The team said it has already lined up clients, including CoinList, Bitso and TrueUSD.
A team of former Jane Street and PIMCO traders have raised $15 million to produce a proof-of-solvency protocol for centralized exchanges, stablecoin issuers and other asset managers in the crypto space, according to a press release from the team shown to Cointelegraph. Called “Proven,” the new protocol allegedly uses zero-knowledge proofs to reveal an institution’s assets and liabilities without revealing the personal data of customers.
According to the press release, the Proven team consists of quantitative traders, portfolio managers, and researchers from Wall Street firms Two Sigma, Elm Partners, Pimco, Jane Street and others. The initial $15 million seed round was led by crypto-oriented venture capital fund Framework Ventures.
Jane Street was also the former employer of Sam Bankman-Fried, who is accused of fraud after the collapse of his crypto exchange, FTX. Proof-of-solvency protocols attempt to make exchanges more transparent in order to avoid another FTX-like disaster.
Richard Dewey, co-founder of Proven, expressed hope that the new protocol will allow crypto firms to regain the trust of the public while simultaneously protecting privacy, stating:
“The last few months have highlighted an issue that has long plagued both traditional financial and digital asset firms – efficiently fostering trust with customers while maintaining a necessary level of privacy. […] We designed Proven to be a win-win solution that enables customers and regulators to have confidence […] while at the same time protecting sensitive customer information.”
The Proven team said that it already has a list of pilot clients, including CoinList, Bitso, TrueUSD and M11 Credit.

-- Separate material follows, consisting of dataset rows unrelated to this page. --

text \<open>Pruning coinciding or collinear vertices leaves a trajectory with two or three bounces.\<close>
lemma billiard_traj_of_weak_traj3:
  assumes tr: "weak_traj3 K T a b c x y z" and nc: "\<not> (a = b \<and> b = c)"
  obtains Q where "billiard_traj K T Q" "ellT T Q = triangle_length T a b c"
proof -
  have tr2: "weak_traj3 K T b c a y z x" and tr3: "weak_traj3 K T c a b z x y"
    using weak_traj3_rotate tr by blast+
  have len2: "triangle_length T a b b = ellT T [a, b]" for a b
    using support_fun_0[OF T(1,5)] by (simp add: ellT_two[OF T_body] triangle_length_def)
  consider "b = c" | "c = a" | "a = b" | "a \<noteq> b" "b \<noteq> c" "c \<noteq> a" by blast
  then show thesis
  proof cases
    case 1 with tr nc len2 show thesis by (metis that billiard_traj2_of_weak_traj3_double)
  next
    case 2 with tr2 nc len2 show thesis
      by (metis that triangle_length_rotate billiard_traj2_of_weak_traj3_double)
  next
    case 3 with tr3 nc len2 show thesis
      by (metis that triangle_length_rotate billiard_traj2_of_weak_traj3_double)
  next
    case 4
    consider "b \<in> open_segment a c" | "c \<in> open_segment b a" | "a \<in> open_segment c b"
      | "a \<notin> closed_segment c b" "b \<notin> closed_segment a c" "c \<notin> closed_segment b a"
      using 4 by (auto simp: open_segment_def)
    then show thesis
    proof cases
      case 1 with tr show thesis by (metis that billiard_traj2_of_weak_traj3_collinear)
    next
      case 2 with tr2 show thesis
        by (metis that triangle_length_rotate billiard_traj2_of_weak_traj3_collinear)
    next
      case 3 with tr3 show thesis
        by (metis that triangle_length_rotate billiard_traj2_of_weak_traj3_collinear)
    next
      case 5: 4
      then show thesis
        using that billiard_traj3_of_weak_traj3[OF tr 4 5] ellT_triangle[OF T_body] by blast
    qed
  qed
qed

lemma minimizing_traj_le_triangle_length:
  assumes mt: "minimizing_traj K T q" and nb: "normal_balanced K a b c"
  shows "ellT T q \<le> triangle_length T a b c"
proof -
  obtain a' b' c' where min: "normal_balanced K a' b' c'"
    "\<And>a'' b'' c''. normal_balanced K a'' b'' c'' \<Longrightarrow>
      triangle_length T a' b' c' \<le> triangle_length T a'' b'' c''"
    using triangle_length_minimum_exists[OF K(1) T(1,5) nb] by blast
  obtain x y z where "weak_traj3 K T a' b' c' x y z"
    using weak_traj3_of_minimal[OF K_body T_body min] .
  moreover have "\<not> (a' = b' \<and> b' = c')" using normal_balanced_not_constant[OF K_body] min(1) by blast
  ultimately obtain Q where "billiard_traj K T Q" "ellT T Q = triangle_length T a' b' c'"
    using billiard_traj_of_weak_traj3 by blast
  then show ?thesis using mt min(2)[OF nb] unfolding minimizing_traj_def by fastforce
qed

text \<open>Equal support points would make two consecutive edges positively parallel, by smoothness of
  \<open>T\<close>, and put a vertex between its neighbours.\<close>
lemma billiard_traj_with_support_points_neq:
  assumes tr: "billiard_traj_with K T q p" and j: "j < length q"
  shows "p j \<noteq> p (nxt (length q) j)"
proof
  assume eq: "p j = p (nxt (length q) j)"
  define i where "i = nxt (length q) j"
  have i: "i < length q" unfolding i_def using nxt_less[OF j] .
  note hj = billiard_traj_withD[OF tr j] and hi = billiard_traj_withD[OF tr i]
  have nz: "q ! i - q ! j \<noteq> 0" "q ! nxt (length q) i - q ! i \<noteq> 0"
    using hj(5) hi(5) by (simp_all add: i_def)
  have "q ! nxt (length q) i - q ! i \<in> normal_cone T (p j)" using hi(2) eq by (simp add: i_def)
  then obtain k where "k > 0" "q ! nxt (length q) i - q ! i = k *\<^sub>R (q ! i - q ! j)"
    using smooth_body_normal_cone_parallel[OF T_body T_smooth hj(1)] hj(2) nz by (metis i_def)
  then have "q ! i \<in> closed_segment (q ! j) (q ! nxt (length q) i)"
    by (rule closed_segment_of_parallel)
  then show False using hi(6) prv_nxt[OF j] by (simp add: i_def)
qed

lemma billiard_traj_with_normal:
  assumes tr: "billiard_traj_with K T q p" and i: "i < length q"
  shows "p (prv (length q) i) - p i \<in> normal_cone K (q ! i)" "p (prv (length q) i) - p i \<noteq> 0"
proof -
  have i': "prv (length q) i < length q" using prv_less[OF i] .
  show "p (prv (length q) i) - p i \<in> normal_cone K (q ! i)"
    using billiard_traj_withD(3)[OF tr i'] by (simp add: nxt_prv[OF i])
  show "p (prv (length q) i) - p i \<noteq> 0"
    using billiard_traj_with_support_points_neq[OF tr i'] by (simp add: nxt_prv[OF i])
qed

lemma support_fun_arc_less:
  assumes tr: "billiard_traj_with K T q p" and J: "J \<subseteq> {..<length q}" "j \<in> J" "nxt (length q) j \<in> J"
  shows "support_fun T (\<Sum>i\<in>J. q ! nxt (length q) i - q ! i) <
    (\<Sum>i\<in>J. support_fun T (q ! nxt (length q) i - q ! i))"
proof (rule support_fun_sum_less[OF T(1) T_strict _ J(2,3)])
  have j: "j < length q" "nxt (length q) j < length q" using J by auto
  note h = billiard_traj_withD[OF tr j(1)] billiard_traj_withD[OF tr j(2)]
  show "finite J" using J(1) finite_subset by blast
  show "p j \<in> T" "p (nxt (length q) j) \<in> T" using h(1,7) T(6) by blast+
  show "p j \<noteq> p (nxt (length q) j)" by (rule billiard_traj_with_support_points_neq[OF tr j(1)])
  show "q ! nxt (length q) j - q ! j \<in> normal_cone T (p j)"
    "q ! nxt (length q) (nxt (length q) j) - q ! nxt (length q) j
      \<in> normal_cone T (p (nxt (length q) j))"
    using h(2,8) .
  show "q ! nxt (length q) j - q ! j \<noteq> 0"
    "q ! nxt (length q) (nxt (length q) j) - q ! nxt (length q) j \<noteq> 0"
    using h(5,11) by simp_all
qed

text \<open>One of the three arcs shortcut by the triangle contains two consecutive edges, on which strict
  convexity of \<open>T\<close> makes \<open>support_fun T\<close> strictly subadditive.\<close>
lemma triangle_length_less_ellT:
  assumes tr: "billiard_traj_with K T q p" and m4: "length q \<ge> 4"
    and ii: "i1 < i2" "i2 \<le> i3" "i3 < length q"
  shows "triangle_length T (q ! i1) (q ! i2) (q ! i3) < ellT T q"
proof -
  define m where "m = length q"
  define v where "v i = q ! nxt m i - q ! i" for i
  define J1 J2 J3 where "J1 = {i1..<i2}" "J2 = {i2..<i3}" "J3 = {i3..<m} \<union> {0..<i1}"
  have edges: "q ! i2 - q ! i1 = sum v J1" "q ! i3 - q ! i2 = sum v J2" "q ! i1 - q ! i3 = sum v J3"
  proof -
    have "sum v J3 = sum v {i3..<m} + sum v {0..<i1}"
      unfolding J1_J2_J3_def by (rule sum.union_disjoint) (use ii in auto)
    then show "q ! i1 - q ! i3 = sum v J3"
      using sum_edges_telescope[of i3 m q] sum_edges_telescope[of 0 i1 q] ii
        by (simp add: v_def m_def)
  qed (use sum_edges_telescope[of i1 i2 q] sum_edges_telescope[of i2 i3 q] ii in
      \<open>simp_all add: v_def m_def J1_J2_J3_def\<close>)
  have part: "{..<m} = J1 \<union> J2 \<union> J3" "J1 \<inter> J2 = {}" "(J1 \<union> J2) \<inter> J3 = {}"
    using ii by (auto simp: J1_J2_J3_def m_def)
  have fin: "finite J1" "finite J2" "finite J3" by (simp_all add: J1_J2_J3_def)
  have sub: "J1 \<subseteq> {..<m}" "J2 \<subseteq> {..<m}" "J3 \<subseteq> {..<m}" using part(1) by auto
  have len: "ellT T q = (\<Sum>j\<in>J1. support_fun T (v j)) + (\<Sum>j\<in>J2. support_fun T (v j)) +
      (\<Sum>j\<in>J3. support_fun T (v j))"
    unfolding ellT_def mu_polar_eq_support_fun[OF T_body] m_def[symmetric] v_def[symmetric] part(1)
    using part(2,3) fin by (simp add: sum.union_disjoint)
  have le: "support_fun T (sum v J) \<le> (\<Sum>j\<in>J. support_fun T (v j))" if "finite J" for J
    using support_fun_sum_le[OF T(1,5) that] .
  have less: "support_fun T (sum v J) < (\<Sum>j\<in>J. support_fun T (v j))"
    if "J \<subseteq> {..<m}" "j \<in> J" "nxt m j \<in> J" for J j
    using support_fun_arc_less[OF tr, of J j] that by (simp add: v_def m_def)
  have "i2 - i1 \<ge> 2 \<or> i3 - i2 \<ge> 2 \<or> m - i3 \<ge> 2 \<or> i1 \<ge> 2 \<or> (m - i3 = 1 \<and> i1 = 1)"
    using ii m4 by (simp add: m_def) linarith
  then have "support_fun T (sum v J1) < (\<Sum>j\<in>J1. support_fun T (v j)) \<or>
      support_fun T (sum v J2) < (\<Sum>j\<in>J2. support_fun T (v j)) \<or>
      support_fun T (sum v J3) < (\<Sum>j\<in>J3. support_fun T (v j))"
  proof (elim disjE)
    assume "m - i3 = 1 \<and> i1 = 1"
    moreover have "nxt m (m - 1) = 0" using m4 by (intro nxt_last) (auto simp: m_def)
    ultimately have "m - 1 \<in> J3" "nxt m (m - 1) \<in> J3" using m4 ii by (auto simp: J1_J2_J3_def m_def)
    then show ?thesis using less[OF sub(3)] by blast
  qed (use less[OF sub(1), of i1] less[OF sub(2), of i2] less[OF sub(3), of i3] less[OF sub(3), of 0]
      nxt_Suc[of _ m] ii m4 in \<open>auto simp: J1_J2_J3_def m_def\<close>)
  then show ?thesis
    unfolding len triangle_length_def edges
      using le[OF fin(1)] le[OF fin(2)] le[OF fin(3)] by linarith
qed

Related: Polygon launches ID product based on ZK proofs
Since the collapse of FTX last year, many centralized exchanges, stablecoin issuers and other crypto custodians have sought to increase transparency by providing cryptographic proof of assets and liabilities. However, providing these proofs has turned out to be a challenge. Although most firms have been able to verify their on-chain assets, liabilities incurred off-chain have been much more difficult to prove to a skeptical public.
Gate.io, OKX, Kraken and other exchanges have attempted to disclose liabilities through cryptographic Merkle trees. This has allowed users to prove that their balances were included in the company’s liability statements. However, this has also been criticized for allegedly allowing companies to falsify liabilities by including negative balances.
Zero-knowledge (ZK) proof of solvency allegedly fixes this problem by allowing the exchange to use ZK proofs to show that customer balances are non-negative, according to app developer sCrypt’s technical explanation of the concept.
However, not all experts on zero-knowledge proofs agree that this process will work. For example, Aleph Zero blockchain founder Matthew Niemerg told Cointelegraph in a statement:
“While zero-knowledge proofs can be used to provide guarantees regarding on-chain balances, they become rather limited in auditing the solvency of a firm unless all liabilities are published (using cryptographic techniques) on-chain. Even then, there are no assurances that all liabilities are disclosed. In short, cryptography will not solve this problem in the even more pathological situation when the party being audited is deceitful.”
So, the debate over whether centralized participants can ever be truly transparent continues to rage.